For me, these kinds of observations and reflections are one of the most important reasons for using new media technologies like AI generative media and learning how they work. Of course, as a practicing artist and art theorist, I had been thinking about the relationships between subject and style (or content and form) for a long time—but being able to conduct systematic experiments like the one I described can lead to new ideas and allow us to look back at cultural history and our familiar concepts and theories of art and culture in new ways.
Notes
1 For the detailed analysis of these relations between modern art and experimental psychology, see Vitz, P., & Glimcher, A. (1983). Modern art and modern science: The parallel analysis of vision, https://muse.jhu.edu/pub/1/article/403181/pdf.
2 Ridler, A. (n.d.). Anna Ridler. Retrieved September 28, 2024, from https://annaridler.com/.
3 Sarah Meyohas. AI Artists. Retrieved September 28, 2024, from https://aiartists.org/sarah-meyohas.
4 Anadol, R. Refik Anadol. Retrieved September 28, 2024, from https://refikanadol.com/.
5 Pereulye. Instagram. Retrieved September 28, 2024, from https://www.instagram.com/pereulye/
6 Pereulkov. (2023, January 16). Artificial experiments 1–10. Instagram. https://www.instagram.com/p/CnezVZ9KHMV.

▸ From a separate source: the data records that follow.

lemma integral_solution_append:
  assumes ab: "0 \<le> a" "a \<le> b" and x: "integral_solution a x" and y: "continuous_on {0..b} y"
    and hist: "\<forall>t\<in>{0..a}. y t = x t"
    and new: "\<forall>t\<in>{a..b}. y t = x a + integral {a..t} (loop_field b y)"
  shows "integral_solution b y"
  unfolding integral_solution_def
proof (intro conjI ballI y)
  have x_cont: "continuous_on {0..a} x" using x by (simp add: integral_solution_def)
  have same: "integral {0..t} (loop_field b y) = integral {0..t} (loop_field a x)" if "t \<in> {0..a}" for t
    using that by (intro integral_cong loop_field_causal[OF ab x_cont y hist]) auto
  fix t assume t: "t \<in> {0..b}"
  show "y t = x0 + integral {0..t} (loop_field b y)"
  proof (cases "t \<le> a")
    case True
    with t x hist same show ?thesis by (simp add: integral_solution_def)
  next
    case False
    have "loop_field b y integrable_on {0..t}"
      using t by (intro integrable_continuous_real continuous_on_subset[OF continuous_on_loop_field[OF _ y]]) auto
    then have "integral {0..a} (loop_field b y) + integral {a..t} (loop_field b y) = integral {0..t} (loop_field b y)"
      using ab False by (intro Henstock_Kurzweil_Integration.integral_combine) auto
    moreover have "x a = x0 + integral {0..a} (loop_field b y)"
      using x ab same[of a] by (simp add: integral_solution_def)
    ultimately show ?thesis using new t False by (simp add: algebra_simps)
  qed
qed

lemma integral_solution_extend:
  assumes a: "0 \<le> a" and x: "integral_solution a x"
  obtains h y where "0 < h" and "integral_solution (a + h) y" and "\<forall>t\<in>{0..a}. y t = x t"
proof -
  obtain B where B: "\<forall>\<sigma>\<in>{0..a}. x \<sigma> \<in> cball 0 B" by (rule integral_solution_bounded[OF x])
  define R where "R = B + 1"
  have a1: "0 \<le> a + 1" using a by simp
  obtain M where "0 \<le> M" and M: "\<And>b y s. 0 \<le> b \<Longrightarrow> b \<le> a + 1 \<Longrightarrow> continuous_on {0..b} y \<Longrightarrow>
      \<forall>\<sigma>\<in>{0..b}. y \<sigma> \<in> cball 0 R \<Longrightarrow> s \<in> {0..b} \<Longrightarrow> norm (loop_field b y s) \<le> M"
    using loop_field_bounded[where T = "a + 1" and R = R] by blast
  obtain C where "0 \<le> C" and C: "\<And>b y1 y2 s D. 0 \<le> b \<Longrightarrow> b \<le> a + 1 \<Longrightarrow>
      continuous_on {0..b} y1 \<Longrightarrow> continuous_on {0..b} y2 \<Longrightarrow>
      \<forall>\<sigma>\<in>{0..b}. y1 \<sigma> \<in> cball 0 R \<Longrightarrow> \<forall>\<sigma>\<in>{0..b}. y2 \<sigma> \<in> cball 0 R \<Longrightarrow> s \<in> {0..b} \<Longrightarrow>
      \<forall>\<sigma>\<in>{0..s}. norm (y1 \<sigma> - y2 \<sigma>) \<le> D \<Longrightarrow> norm (loop_field b y1 s - loop_field b y2 s) \<le> C * D"
    using loop_field_lipschitz[OF a1, where R = R] by blast
  define h where "h = min 1 (min (1 / (M + 1)) (1 / (2 * (C + 1))))"
  have h: "0 < h" "h \<le> 1" using \<open>0 \<le> M\<close> \<open>0 \<le> C\<close> by (auto simp: h_def)
  have "h * M \<le> 1 / (M + 1) * M" using \<open>0 \<le> M\<close> by (intro mult_right_mono) (auto simp: h_def)
  also have "\<dots> \<le> 1" using \<open>0 \<le> M\<close> by (simp add: field_simps)
  finally have hM: "h * M \<le> 1" .
  have "h * C \<le> 1 / (2 * (C + 1)) * C" using \<open>0 \<le> C\<close> by (intro mult_right_mono) (auto simp: h_def)
  also have "\<dots> \<le> 1 / 2" using \<open>0 \<le> C\<close> by (simp add: field_simps)
  finally have hC: "h * C \<le> 1 / 2" .
  have ah: "0 \<le> a + h" "a \<le> a + h" "a + h \<le> a + 1" using a h by auto
  have Y_cont: "continuous_on {0..a + h} y" if "follows_history a h x y" for y
    using that by (auto simp: follows_history_def intro: continuous_on_subset)
  have Y_ball: "\<forall>\<sigma>\<in>{0..a + h}. y \<sigma> \<in> cball 0 R" if "follows_history a h x y" for y
    using follows_history_cball[OF that B a] by (simp add: R_def)
  have G_cont: "continuous_on {a..a + h} (loop_field (a + h) y)" if "follows_history a h x y" for y
    by (rule continuous_on_subset[OF continuous_on_loop_field[OF ah(1) Y_cont[OF that]]]) (use a in auto)
  have G_bound: "norm (loop_field (a + h) y s) \<le> M" if "follows_history a h x y" "s \<in> {a..a + h}" for y s
    using that a by (intro M[OF ah(1,3) Y_cont Y_ball]) auto
  have G_lipschitz: "norm (loop_field (a + h) y1 s - loop_field (a + h) y2 s) \<le> C * D"
    if "follows_history a h x y1" "follows_history a h x y2" "s \<in> {a..a + h}"
      "\<forall>\<sigma>. norm (y1 \<sigma> - y2 \<sigma>) \<le> D" for y1 y2 s D
    using that a by (intro C[OF ah(1,3) Y_cont Y_cont Y_ball Y_ball]) auto
  have x_cont: "continuous_on {0..a} x" using x by (simp add: integral_solution_def)
  obtain y where y: "follows_history a h x y"
    and new: "\<forall>t\<in>{a..a + h}. y t = x a + integral {a..t} (loop_field (a + h) y)"
    by (rule integral_equation_local_solution[OF a h(1) x_cont G_cont G_bound G_lipschitz hM hC])
  have "integral_solution (a + h) y"
    by (rule integral_solution_append[OF a ah(2) x Y_cont[OF y] _ new])
       (use y in \<open>simp add: follows_history_def\<close>)
  then show thesis using h y by (intro that) (auto simp: follows_history_def)
qed
lemma in_E_imp_supp_subset_term_box:
  assumes "in_E n m f"
  obtains X D where "supp f \<subseteq> term_box n m X D"
proof
  have "finite (supp f)"
    using assms by (simp add: in_E_def)
  then show "supp f \<subseteq> term_box n m (\<Sum>t\<in>supp f. ord_x t) (\<Sum>t\<in>supp f. ord_d t)"
    using assms unfolding term_box_def in_E_def by (auto intro: member_le_sum)
qed

lemma in_E_if_supp_subset_term_box: "supp h \<subseteq> term_box n m X D \<Longrightarrow> in_E n m h"
  using finite_term_box unfolding in_E_def term_box_def by (auto intro: finite_subset)

lemma supp_and_ord_d_vd_if_changes_bounded:
  fixes h h' :: "'k::zero fmod"
  assumes h: "supp h \<subseteq> B" "finite B"
    and changed: "\<And>v. h' v \<noteq> h v \<Longrightarrow> h' v \<noteq> 0 \<Longrightarrow> v \<in> B \<and> ord_d v \<le> ord_d (vd h)"
  shows "supp h' \<subseteq> B" and "supp h' \<noteq> {} \<Longrightarrow> ord_d (vd h') \<le> ord_d (vd h)"
proof -
  show supp_h': "supp h' \<subseteq> B"
  proof
    fix v
    assume "v \<in> supp h'"
    then show "v \<in> B"
      using h(1) changed[of v] unfolding supp_def by (cases "h' v = h v") auto
  qed
  assume "supp h' \<noteq> {}"
  moreover have "finite (supp h')"
    using supp_h' h(2) by (rule finite_subset)
  ultimately have "vd h' \<in> supp h'"
    by (rule vd_greatest(1)[rotated])
  then show "ord_d (vd h') \<le> ord_d (vd h)"
  proof (cases "h' (vd h') = h (vd h')")
    case True
    have "finite (supp h)"
      using h by (rule finite_subset)
    moreover from True \<open>vd h' \<in> supp h'\<close> have "vd h' \<in> supp h"
      by (simp add: supp_def)
    ultimately show ?thesis
      by (rule ord_d_le_ord_d_vd)
  next
    case False
    with \<open>vd h' \<in> supp h'\<close> show ?thesis
      using changed by (simp add: supp_def)
  qed
qed

lemma subtract_monomial_multiple:
  fixes g h :: "'k::field_char_0 fmod"
  assumes g: "in_E n m g" "supp g \<noteq> {}" and h: "supp h \<subseteq> term_box n m X D"
    and w: "w = tmul \<theta> (ux g)" "h w \<noteq> 0"
    and ord_le: "ord_d (tmul \<theta> (vd g)) \<le> ord_d (vd h)"
  defines "h' \<equiv> \<lambda>v. h v - act (weyl_monom \<theta> (h w / g (ux g))) g v"
  shows "h' w = 0" and "supp h' \<subseteq> term_box n m X D"
    and "\<And>v. v \<noteq> w \<Longrightarrow> h' v \<noteq> h v \<Longrightarrow> trm_less_x v w"
    and "supp h' \<noteq> {} \<Longrightarrow> ord_d (vd h') \<le> ord_d (vd h)"
    and "in_mono n \<theta>"
proof -
  have "w \<in> term_box n m X D"
    using h \<open>h w \<noteq> 0\<close> by (auto simp: supp_def)
  then show \<theta>: "in_mono n \<theta>"
    using w by (simp add: term_box_def in_mono_tmul_iff)
  have "w \<in> supp h"
    using \<open>h w \<noteq> 0\<close> by (simp add: supp_def)
  then have "vd h \<in> term_box n m X D"
    using h vd_greatest(1) finite_subset[OF h finite_term_box] by blast
  then have ord_d_vd_h: "ord_d (vd h) \<le> D"
    by (simp add: term_box_def)
  have "g (ux g) \<noteq> 0"
    using ux_greatest(1)[OF _ g(2)] g(1) by (auto simp: in_E_def supp_def)
  then show "h' w = 0"
    using act_weyl_monom_ux[OF g \<theta>] by (simp add: h'_def w)
  have new_term: "trm_less_x v w \<and> ord_d v \<le> ord_d (vd h) \<and> v \<in> term_box n m X D"
    if "h' v \<noteq> h v" "v \<noteq> w" for v
  proof -
    have "act (weyl_monom \<theta> (h w / g (ux g))) g v \<noteq> 0"
      using that(1) by (simp add: h'_def)
    note support = act_weyl_monom_support[OF g \<theta> this]
    have "trm_less_x v w" "ord_d v \<le> ord_d (vd h)" "in_mono n (fst v)" "snd v < m"
      using support that(2) ord_le w by auto
    moreover have "ord_x v \<le> X"
      using trm_less_x_imp_ord_x_le[OF \<open>trm_less_x v w\<close>] \<open>w \<in> term_box n m X D\<close>
      by (simp add: term_box_def)
    ultimately show ?thesis
      using ord_d_vd_h by (simp add: term_box_def)
  qed
  then show "trm_less_x v w" if "v \<noteq> w" "h' v \<noteq> h v" for v
    using that by blast
  have "v \<in> term_box n m X D \<and> ord_d v \<le> ord_d (vd h)" if "h' v \<noteq> h v" "h' v \<noteq> 0" for v
    using new_term[OF that(1)] that(2) \<open>h' w = 0\<close> by blast
  then show "supp h' \<subseteq> term_box n m X D" and "supp h' \<noteq> {} \<Longrightarrow> ord_d (vd h') \<le> ord_d (vd h)"
    using supp_and_ord_d_vd_if_changes_bounded[OF h finite_term_box] by blast+
qed
lemma convex_prob_simplex: "convex prob_simplex"
  unfolding convex_def prob_simplex_def by (auto simp: sum.distrib sum_distrib_left[symmetric])

lemma prob_simplex_nonempty: "prob_simplex \<noteq> {}"
proof -
  have "(\<chi> i. 1 / real CARD('n)) \<in> (prob_simplex :: (real^'n) set)"
    unfolding prob_simplex_def by simp
  then show ?thesis by blast
qed

lemma prob_simplex_pos_component:
  assumes "x \<in> prob_simplex"
  obtains j where "x $ j > 0"
proof -
  have nonneg: "\<forall>j. 0 \<le> x $ j" and "(\<Sum>j\<in>UNIV. x $ j) = 1"
    using assms unfolding prob_simplex_def by auto
  then obtain j where "x $ j \<noteq> 0" by (metis (no_types) sum.neutral zero_neq_one)
  then show ?thesis using that nonneg less_eq_real_def by metis
qed

lemma sum_matrix_vector_mult:
  "(\<Sum>i\<in>UNIV. ((B::real^'n^'m) *v x) $ i) = (\<Sum>j\<in>UNIV. (\<Sum>i\<in>UNIV. B $ i $ j) * x $ j)"
  unfolding matrix_vector_mult_component
  by (subst sum.swap) (simp add: sum_distrib_right)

7 See my article Database as a symbolic form. (1998). https://manovich.net/index.php/projects/database-as-a-symbolic-form.
8 For a more details about GAN net training methods used by Refik Anadol Studio, see Creating art with generative adversarial network: Refik Anadol’s Walt Disney Concert Hall Dreams. (2022). https://medium.com/@ymingcarina/creating-art-with-generative-adversarial-network-refik-anadols-wdch-dreams-159a6eac762d.
9 My personal communication with Pereulkov, 04/16/2023.
10 For example, in 2022-2023 AI models often struggled generating realistic hands. By 2024 this has been solved but as I am writing this, AI still have difficulty generating very complex compositions with dozens of fully realistic human figures and faces shown in detail—something that skilled human artists were able to do at least since the Renaissance.